I want to get just -> Hi, this is \"Paul\", how are you? <-

I need a regular expression in java to do that I try it but I m struggle with the inner quotation (\") is driving me mad.

Thanks for any hint.

Arvind Kumar Avinash
  • 71,965
  • 6
  • 74
  • 110
Xenione
  • 2,174
  • 1
  • 23
  • 30
  • 2
    Do you have to use regex?
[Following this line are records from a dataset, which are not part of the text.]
lemma poly_comb_lift:
  assumes surj: "\<And>w. w \<in> carrier_vec n \<Longrightarrow> \<exists>x\<in>carrier_vec m. poly_comb A g x = w"
    and B: "B \<in> carrier_mat n n" and BA: "B * A = A * B"
  shows "\<exists>G\<in>carrier_mat m m. \<forall>x\<in>carrier_vec m. poly_comb A g (G *\<^sub>v x) = B *\<^sub>v poly_comb A g x"
proof -
  have "\<forall>i. \<exists>y. i < m \<longrightarrow> y \<in> carrier_vec m \<and> poly_comb A g y = B *\<^sub>v g i"
    using surj B g by (metis mult_mat_vec_carrier)
  then obtain y where y: "\<And>i. i < m \<Longrightarrow> y i \<in> carrier_vec m"
    and y_g: "\<And>i. i < m \<Longrightarrow> poly_comb A g (y i) = B *\<^sub>v g i" by metis
  define G where "G = mat m m (\<lambda>(k, i). y i $ k)"
  have commute: "poly_mat p A *\<^sub>v (B *\<^sub>v v) = B *\<^sub>v (poly_mat p A *\<^sub>v v)" if "v \<in> carrier_vec n" for p v
    using poly_mat_intertwine[OF A A B, of p] BA A B that
    by (simp add: assoc_mult_mat_vec[of _ n n _ n, symmetric])
  have "poly_comb A g (G *\<^sub>v x) = B *\<^sub>v poly_comb A g x" if x: "x \<in> carrier_vec m" for x
  proof -
    have "G *\<^sub>v x = vec m (\<lambda>k. \<Sum>i<m. (x $ i \<cdot>\<^sub>v y i) $ k)"
      using x y[THEN carrier_vecD] by (auto simp: G_def scalar_prod_def mult.commute intro!: eq_vecI sum.cong)
    then have "poly_comb A g (G *\<^sub>v x) = vec n (\<lambda>j. \<Sum>i<m. poly_comb A g (x $ i \<cdot>\<^sub>v y i) $ j)"
      using y by (simp, intro additive_vec_sum) (auto simp: poly_comb_add poly_comb_0)
    also have "\<dots> = vec n (\<lambda>j. \<Sum>i<m. (B *\<^sub>v (poly_mat (x $ i) A *\<^sub>v g i)) $ j)"
      using y y_g g by (auto simp: poly_comb_smult commute intro!: eq_vecI sum.cong)
    also have "\<dots> = B *\<^sub>v poly_comb A g x"
      unfolding poly_comb_def using A x
      by (simp, intro mult_mat_vec_sum[OF B, symmetric])
        (auto intro: mult_mat_vec_carrier[OF poly_mat_carrier[OF A] g])
    finally show ?thesis .
  qed
  then show ?thesis by (intro bexI[of _ G]) (auto simp: G_def)
qed

end

lemma poly_comb_similar:
  assumes A: "A \<in> carrier_mat n n" and J: "J \<in> carrier_mat n n" and P: "P \<in> carrier_mat n n"
    and AP: "A * P = P * J" and g: "\<And>i. i < dim_vec x \<Longrightarrow> g i \<in> carrier_vec n"
  shows "poly_comb A (\<lambda>i. P *\<^sub>v g i) x = P *\<^sub>v poly_comb J g x"
proof -
  have "poly_mat p A *\<^sub>v (P *\<^sub>v v) = P *\<^sub>v (poly_mat p J *\<^sub>v v)" if "v \<in> carrier_vec n" for p v
    using poly_mat_intertwine[OF A J P AP, of p] A J P that
    by (simp add: assoc_mult_mat_vec[of _ n n _ n, symmetric])
  then show ?thesis
    unfolding poly_comb_def using A J P g
    by (simp, intro mult_mat_vec_sum[OF P, symmetric])
      (auto intro: mult_mat_vec_carrier[OF poly_mat_carrier[OF J] g])
qed

lemma poly_comb_four_block:
  assumes B: "B \<in> carrier_mat n n" and D: "D \<in> carrier_mat k k"
    and h: "\<And>i. i < dim_vec x \<Longrightarrow> h i \<in> carrier_vec n" and g: "\<And>i. i < dim_vec x \<Longrightarrow> g i \<in> carrier_vec k"
  shows "poly_comb (four_block_mat B (0\<^sub>m n k) (0\<^sub>m k n) D) (\<lambda>i. h i @\<^sub>v g i) x
    = poly_comb B h x @\<^sub>v poly_comb D g x"
  using B D h g
  by (auto simp: poly_comb_def poly_mat_four_block mult_mat_vec_split[OF poly_mat_carrier[OF B] poly_mat_carrier[OF D]]
      intro!: eq_vecI)

section \<open>Transfer of polynomial identities\<close>

lemma eval_ncpoly_lift:
  fixes \<pi> :: "'a::comm_ring_1 poly vec \<Rightarrow> 'a vec"
  assumes \<pi>_carrier: "\<And>x. x \<in> carrier_vec m \<Longrightarrow> \<pi> x \<in> carrier_vec n"
    and \<pi>_add: "\<And>x y. x \<in> carrier_vec m \<Longrightarrow> y \<in> carrier_vec m \<Longrightarrow> \<pi> (x + y) = \<pi> x + \<pi> y"
    and \<pi>_diff: "\<And>x y. x \<in> carrier_vec m \<Longrightarrow> y \<in> carrier_vec m \<Longrightarrow> \<pi> (x - y) = \<pi> x - \<pi> y"
    and \<pi>_smult: "\<And>x c. x \<in> carrier_vec m \<Longrightarrow> \<pi> ([:c:] \<cdot>\<^sub>v x) = c \<cdot>\<^sub>v \<pi> x"
    and G: "\<And>i. G i \<in> carrier_mat m m" and \<rho>: "\<And>i. \<rho> i \<in> carrier_mat n n"
    and G_lift: "\<And>i x. x \<in> carrier_vec m \<Longrightarrow> \<pi> (G i *\<^sub>v x) = \<rho> i *\<^sub>v \<pi> x"
  shows "eval_ncpoly m (\<lambda>c. [:c:]) G h \<in> carrier_mat m m \<and> eval_ncpoly n (\<lambda>c. c) \<rho> h \<in> carrier_mat n n
    \<and> (\<forall>x\<in>carrier_vec m. \<pi> (eval_ncpoly m (\<lambda>c. [:c:]) G h *\<^sub>v x) = eval_ncpoly n (\<lambda>c. c) \<rho> h *\<^sub>v \<pi> x)"
proof (induct h)
  case (NConst c)
  then show ?case using \<pi>_smult \<pi>_carrier by (auto simp: smult_mat_mult_vec[OF one_carrier_mat])
next
  case (NAdd p q)
  then show ?case using \<pi>_add \<pi>_carrier by (auto simp: add_mult_distrib_mat_vec)
next
  case (NSub p q)
  then show ?case using \<pi>_diff \<pi>_carrier by (auto simp: minus_mult_distrib_mat_vec)
next
  case (NMul p q)
  then show ?case using \<pi>_carrier by (auto simp: assoc_mult_mat_vec)
qed (use G \<rho> G_lift in auto)
lemma lin_map_lin_ext: "lin_map (lin_ext f)"
proof (rule lin_mapI)
  fix x y :: "'a \<Rightarrow>\<^sub>0 'b"
  let ?S = "Poly_Mapping.keys x \<union> Poly_Mapping.keys y"
  have "lin_ext f (x + y) = (\<Sum>t\<in>?S. smult (Poly_Mapping.lookup (x + y) t) (f t))"
    by (rule lin_ext_superset) (simp_all add: keys_add)
  also have "\<dots> = (\<Sum>t\<in>?S. smult (Poly_Mapping.lookup x t) (f t)) + (\<Sum>t\<in>?S. smult (Poly_Mapping.lookup y t) (f t))"
    by (simp add: lookup_add smult_add_left sum.distrib)
  also have "\<dots> = lin_ext f x + lin_ext f y"
    by (simp add: lin_ext_superset[symmetric])
  finally show "lin_ext f (x + y) = lin_ext f x + lin_ext f y" .
next
  fix c and x :: "'a \<Rightarrow>\<^sub>0 'b"
  have "lin_ext f (smult c x) = (\<Sum>t\<in>Poly_Mapping.keys x. smult (Poly_Mapping.lookup (smult c x) t) (f t))"
    by (rule lin_ext_superset) (auto simp: in_keys_iff)
  also have "\<dots> = smult c (lin_ext f x)"
    unfolding lin_ext_def smult_sum smult_smult by simp
  finally show "lin_ext f (smult c x) = smult c (lin_ext f x)" .
qed

lemma lin_ext_single [simp]: "lin_ext f (Poly_Mapping.single i 1) = f i"
  unfolding lin_ext_def by simp

lemma lin_ext_basis: "lin_ext (\<lambda>i. Poly_Mapping.single i 1) w = w"
proof (rule poly_mapping_eqI)
  fix k
  have "Poly_Mapping.lookup (lin_ext (\<lambda>i. Poly_Mapping.single i 1) w) k
      = (\<Sum>t\<in>Poly_Mapping.keys w. if t = k then Poly_Mapping.lookup w t else 0)"
    unfolding lin_ext_def lookup_sum by (intro sum.cong) (auto simp: lookup_single)
  also have "\<dots> = Poly_Mapping.lookup w k"
    by (simp add: in_keys_iff)
  finally show "Poly_Mapping.lookup (lin_ext (\<lambda>i. Poly_Mapping.single i 1) w) k = Poly_Mapping.lookup w k" .
qed

lemma lin_ext_of_lin_map:
  assumes "lin_map f"
  shows "lin_ext (\<lambda>i. f (Poly_Mapping.single i 1)) = f"
proof
  fix w
  have "lin_ext (\<lambda>i. f (Poly_Mapping.single i 1)) w = f (lin_ext (\<lambda>i. Poly_Mapping.single i 1) w)"
    unfolding lin_ext_def lin_map_sum[OF assms] lin_map_smult[OF assms] ..
  then show "lin_ext (\<lambda>i. f (Poly_Mapping.single i 1)) w = f w"
    by (simp only: lin_ext_basis)
qed

lemma lin_map_eqI:
  assumes "lin_map f" "lin_map g" "\<And>i. f (Poly_Mapping.single i 1) = g (Poly_Mapping.single i 1)"
  shows "f = g"
proof -
  have "lin_ext (\<lambda>i. f (Poly_Mapping.single i 1)) = lin_ext (\<lambda>i. g (Poly_Mapping.single i 1))"
    using assms(3) by simp
  then show ?thesis
    by (simp only: lin_ext_of_lin_map assms(1,2))
qed

lemma bilin_mapD:
  assumes "bilin_map F"
  shows "F (x + x') y = F x y + F x' y" "F x (y + y') = F x y + F x y'"
    and "F (smult c x) y = smult c (F x y)" "F x (smult c y) = smult c (F x y)"
  using assms unfolding bilin_map_def lin_map_def by auto

lemma lookup_tensor [simp]:
  "Poly_Mapping.lookup (tensor x y) k = Poly_Mapping.lookup x (fst k) * Poly_Mapping.lookup y (snd k)"
proof -
  obtain a b where k: "k = (a, b)"
    by fastforce
  have "Poly_Mapping.lookup (tensor x y) (a, b)
      = (\<Sum>i\<in>Poly_Mapping.keys x. if i = a then Poly_Mapping.lookup x i * Poly_Mapping.lookup y b else 0)"
    unfolding tensor_def lookup_sum
    by (intro sum.cong) (auto simp: lookup_single when_def sum.delta in_keys_iff)
  then show ?thesis
    by (simp add: k sum.delta in_keys_iff)
qed

lemma tensor_add_left: "tensor (x + y) z = tensor x z + tensor y z"
  by (rule poly_mapping_eqI) (simp add: lookup_add algebra_simps)

lemma tensor_add_right: "tensor x (y + z) = tensor x y + tensor x z"
  by (rule poly_mapping_eqI) (simp add: lookup_add algebra_simps)

lemma tensor_diff_left: "tensor (x - y) z = tensor x z - tensor y z"
  by (rule poly_mapping_eqI) (simp add: lookup_minus algebra_simps)

lemma tensor_smult_left: "tensor (smult c x) y = smult c (tensor x y)"
  by (rule poly_mapping_eqI) simp

lemma tensor_smult_right: "tensor x (smult c y) = smult c (tensor x y)"
  by (rule poly_mapping_eqI) simp

lemmas tensor_linear = tensor_add_left tensor_add_right tensor_smult_left tensor_smult_right

lemma tensor_zero [simp]: "tensor 0 y = 0" "tensor x 0 = 0"
  by (rule poly_mapping_eqI, simp)+

lemma single_pair_eq_tensor:
  "Poly_Mapping.single (i, j) 1 = tensor (Poly_Mapping.single i 1) (Poly_Mapping.single j 1)"
  by (rule poly_mapping_eqI) (auto simp: lookup_single when_def)

lemma bilin_map_eqI:
  assumes "bilin_map F" "bilin_map G"
    and "\<And>i j. F (Poly_Mapping.single i 1) (Poly_Mapping.single j 1)
      = G (Poly_Mapping.single i 1) (Poly_Mapping.single j 1)"
  shows "F = G"
proof (intro ext)
  fix u v
  have "(\<lambda>u. F u (Poly_Mapping.single j 1)) = (\<lambda>u. G u (Poly_Mapping.single j 1))" for j
    using assms by (intro lin_map_eqI) (auto simp: bilin_map_def)
  then have "F u = G u"
    using assms by (intro lin_map_eqI) (auto simp: bilin_map_def dest: fun_cong)
  then show "F u v = G u v"
    by simp
qed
You could just strip out the redundant text around the keywords by using `.indexOf()` and `.substring()` – Spectric Oct 29 '20 at 15:11
  • So briefly - you need to get the text inside a pair of double quotes `"the text to be matched"`, and this text may contain other double quotes preceded with a backslash `\"`? – Nowhere Man Oct 29 '20 at 15:20
  • @AlexRudenko . Yes Alex , I edit the question because editor doesn't skip inner quotations – Xenione Oct 29 '20 at 15:23

4 Answers4

1

Java supports lookbehinds, so vanilla regex:

"(.*?(?<!\\))"

Inside a Java string (see https://stackoverflow.com/a/37329801/1225328):

\"(.*?(?<!\\\\))\"

The actual text will be contained inside the first group of each match.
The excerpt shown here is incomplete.